Jorge Alberto Gudiño Hernández
13/05/2023 - 12:05 am
Antonia Kerrigan
La tristeza no es sólo por la agente que algo vio en lo que yo escribía y decidió sumarme a sus filas y catálogos. La tristeza es también por alguien que se seguía guiando por los parámetros de la lealtad, de la palabra empeñada, de la amabilidad…
Supongo que uno debe ser un escritor de bestsellers para que los agentes literarios llamen a la puerta. No lo soy, así que nunca han llamado. He conocido a varios en diferentes circunstancias y siempre me dio la impresión de que tienen algo de inalcanzables. A veces es más sencillo acercarse a platicar con un premio Nobel que con un agente. Tal vez porque formen parte de ese grupo que debe conciliar la parte literaria con la de los negocios. Durante mucho tiempo, me pareció que hablar con ellos era como acercarse a la parte más oscura de la industria editorial. Ahora sé que me equivocaba.
Envié varios correos a diferentes agentes literarios que sabía que vendrían a la FIL de Guadalajara. La idea era pedirles que me representaran. Básicamente, porque soy incapaz de vender nada. Menos de negociar un contrato, un anticipo o un porcentaje de regalías. Y eso con la gente que conozco en mi país. Para hacer lo mismo en el extranjero y en otros idiomas, se requieren aún más habilidades de las que carezco.
Me contestó media docena. Todos me dijeron lo mismo tras una conversación inicial (recuerdo una que no duró ni dos minutos): que leerían mis novelas y se pondrían en contacto conmigo. Sólo una persona me contestó en el plazo prometido: Antonia Kerrigan.
Mi entusiasmo no fue menor. En ese entonces Antonia ya era una especie de leyenda dentro del mundo de los agentes literarios en español. Si acaso, un par de nombres más competían con su agencia. Hasta me olvidé de todas esas respuestas que nunca llegaron.
Comenzó a representarme antes de que firmáramos un contrato. Eso me hizo saber algo que siempre ha sido fundamental para mí: que confiábamos uno en el otro y que la lealtad es un valor que trasciende los vaivenes del mercado.

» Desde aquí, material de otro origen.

lemma taylor_poly4_shift:
  fixes G2 G3 :: "real^'n::finite \<Rightarrow> real^'n"
  assumes G2: "homogeneous_poly_map 2 G2" and G3: "homogeneous_poly_map 3 G3"
  shows "(\<lambda>y. taylor_poly4 lam t3 t4 (y + G2 y + G3 y)
      - (diag_form lam y y / 2
         + (form3 t3 y y y / 6 + diag_form lam y (G2 y))
         + (form4 t4 y y y y / 24
            + (form3 t3 (G2 y) y y + form3 t3 y (G2 y) y + form3 t3 y y (G2 y)) / 6
            + diag_form lam (G2 y) (G2 y) / 2 + diag_form lam y (G3 y))))
    \<in> O[at 0](\<lambda>y. norm y ^ 5)"
proof -
  define h where "h y = G2 y + G3 y" for y
  \<comment> \<open>\<open>R\<close> collects the terms of degree at least 5 in \<open>y\<close>.\<close>
  define R where "R y = diag_form lam (G2 y) (G3 y) + diag_form lam (G3 y) (G3 y) / 2
      + (form3 t3 (G3 y) y y + form3 t3 y (G3 y) y + form3 t3 y y (G3 y)) / 6
      + (form3 t3 (h y) (h y) y + form3 t3 (h y) y (h y) + form3 t3 y (h y) (h y)
         + form3 t3 (h y) (h y) (h y)) / 6
      + (form4 t4 (h y) (y + h y) (y + h y) (y + h y) + form4 t4 y (h y) (y + h y) (y + h y)
         + form4 t4 y y (h y) (y + h y) + form4 t4 y y y (h y)) / 24" for y
  have "taylor_poly4 lam t3 t4 (y + G2 y + G3 y)
      - (diag_form lam y y / 2
         + (form3 t3 y y y / 6 + diag_form lam y (G2 y))
         + (form4 t4 y y y y / 24
            + (form3 t3 (G2 y) y y + form3 t3 y (G2 y) y + form3 t3 y y (G2 y)) / 6
            + diag_form lam (G2 y) (G2 y) / 2 + diag_form lam y (G3 y)))
    = R y" for y
    by (simp add: taylor_poly4_def R_def h_def field_simps diag_form_commute[of lam "G3 y" "G2 y"]
        diag_form_commute[of lam "G2 y" y] diag_form_commute[of lam "G3 y" y])
  moreover have "R \<in> O[at 0](\<lambda>y. norm y ^ 5)"
  proof -
    have y: "(\<lambda>y. norm y) \<in> O[at 0](\<lambda>y. norm y ^ 1)" by simp
    have g2: "(\<lambda>y. norm (G2 y)) \<in> O[at 0](\<lambda>y. norm y ^ 2)"
      using G2 by (rule homogeneous_poly_map_bigo)
    have g3: "(\<lambda>y. norm (G3 y)) \<in> O[at 0](\<lambda>y. norm y ^ 3)"
      using G3 by (rule homogeneous_poly_map_bigo)
    note h = deg23_shift_bigo(1)[OF G2 G3, folded h_def]
    note yh = deg23_shift_bigo(2)[OF G2 G3, folded h_def]
    have "(\<lambda>y. diag_form lam (G3 y) (G3 y)) \<in> O[at 0](\<lambda>y. norm y ^ 5)"
      and "(\<lambda>y. form3 t3 (h y) (h y) (h y)) \<in> O[at 0](\<lambda>y. norm y ^ 5)"
      by (rule landau_o.big_trans[OF diag_form_bigo[OF g3 g3 refl] norm_pow_bigo_at_0], simp)
        (rule landau_o.big_trans[OF form3_bigo[OF h h h refl] norm_pow_bigo_at_0], simp)
    then show ?thesis
      unfolding R_def
      by (intro sum_in_bigo(1) bigo_divide_const diag_form_bigo[OF g2 g3]
          form3_bigo[OF g3 y y] form3_bigo[OF y g3 y] form3_bigo[OF y y g3]
          form3_bigo[OF h h y] form3_bigo[OF h y h] form3_bigo[OF y h h]
          form4_bigo[OF h yh yh yh] form4_bigo[OF y h yh yh] form4_bigo[OF y y h yh] form4_bigo[OF y y y h])
        simp_all
  qed
  ultimately show ?thesis by simp
qed

lemma quartic_coefficient_at_axis:
  assumes lamk: "lam k = 0" and sym: "\<And>j. t3 j k k = t3 k k j" "\<And>j. t3 k j k = t3 k k j"
    and v: "\<And>j. v $ j = - t3 k k j / (2 * lam j)"
  shows "form4 t4 (axis k 1) (axis k 1) (axis k 1) (axis k 1) / 24
      + (form3 t3 v (axis k 1) (axis k 1) + form3 t3 (axis k 1) v (axis k 1) + form3 t3 (axis k 1) (axis k 1) v) / 6
      + diag_form lam v v / 2
    = (1/24) * t4 k k k k - (1/2) * (\<Sum>j\<in>UNIV - {k}. ((1/2) * t3 k k j)^2 / lam j)"
proof -
  define W where "W = (\<Sum>j\<in>UNIV. (t3 k k j)^2 / lam j)"
  have "form3 t3 v (axis k 1) (axis k 1) = - W / 2"
    and "form3 t3 (axis k 1) v (axis k 1) = - W / 2"
    and "form3 t3 (axis k 1) (axis k 1) v = - W / 2"
    using sym by (simp_all add: form3_swap12[of _ "axis k 1" v] form3_swap13[of _ _ _ v] form3_axis_axis v
        W_def sum_divide_distrib power2_eq_square sum_negf mult_ac)
  moreover have "diag_form lam v v = W / 4"
    unfolding diag_form_def W_def sum_divide_distrib
    by (intro sum.cong refl) (simp add: v power2_eq_square)
  moreover have "(\<Sum>j\<in>UNIV - {k}. ((1/2) * t3 k k j)^2 / lam j) = W / 4"
    by (simp add: W_def sum.remove[of UNIV k] lamk power_divide sum_divide_distrib mult_ac)
  ultimately show ?thesis by simp
qed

Nos vimos en las FIL posteriores hasta antes de que ella decidiera no viajar. Después conocí a Claudia Calva, su nuera, quien comenzó a hacerse cargo de mis asuntos. Una cosa llevó a la otra y pronto conocí a una parte de su familia.
La pandemia redujo las comunicaciones a correos. Fue cuando me enteré de su enfermedad. Tenía periodos buenos y periodos malos. Quizá fuera en los primeros en los que respondía algunos correos, mostrando entusiasmo ante alguna buena noticia.
La agencia nos avisó a los autores de su retiro, después de su fallecimiento.
La tristeza no es sólo por la agente que algo vio en lo que yo escribía y decidió sumarme a sus filas y catálogos. La tristeza es también por alguien que se seguía guiando por los parámetros de la lealtad, de la palabra empeñada, de la amabilidad… La tristeza es por esas conversaciones, por el café tomado con prisa, por la copa de vino que el mesero extravió en el camino, por las comidas con su familia, por su nieta en mis brazos… Alguna vez alguien me dijo que Antonia era demasiado fría. No lo fue para mí. Tanto, que la tristeza es verdadera, producto de un cariño sincero.
Ignoro, Antonia, si creías en paraísos o vidas eternas. Si así fuera, ojalá ya estés rodeada de todos esos libros que te faltan por leer.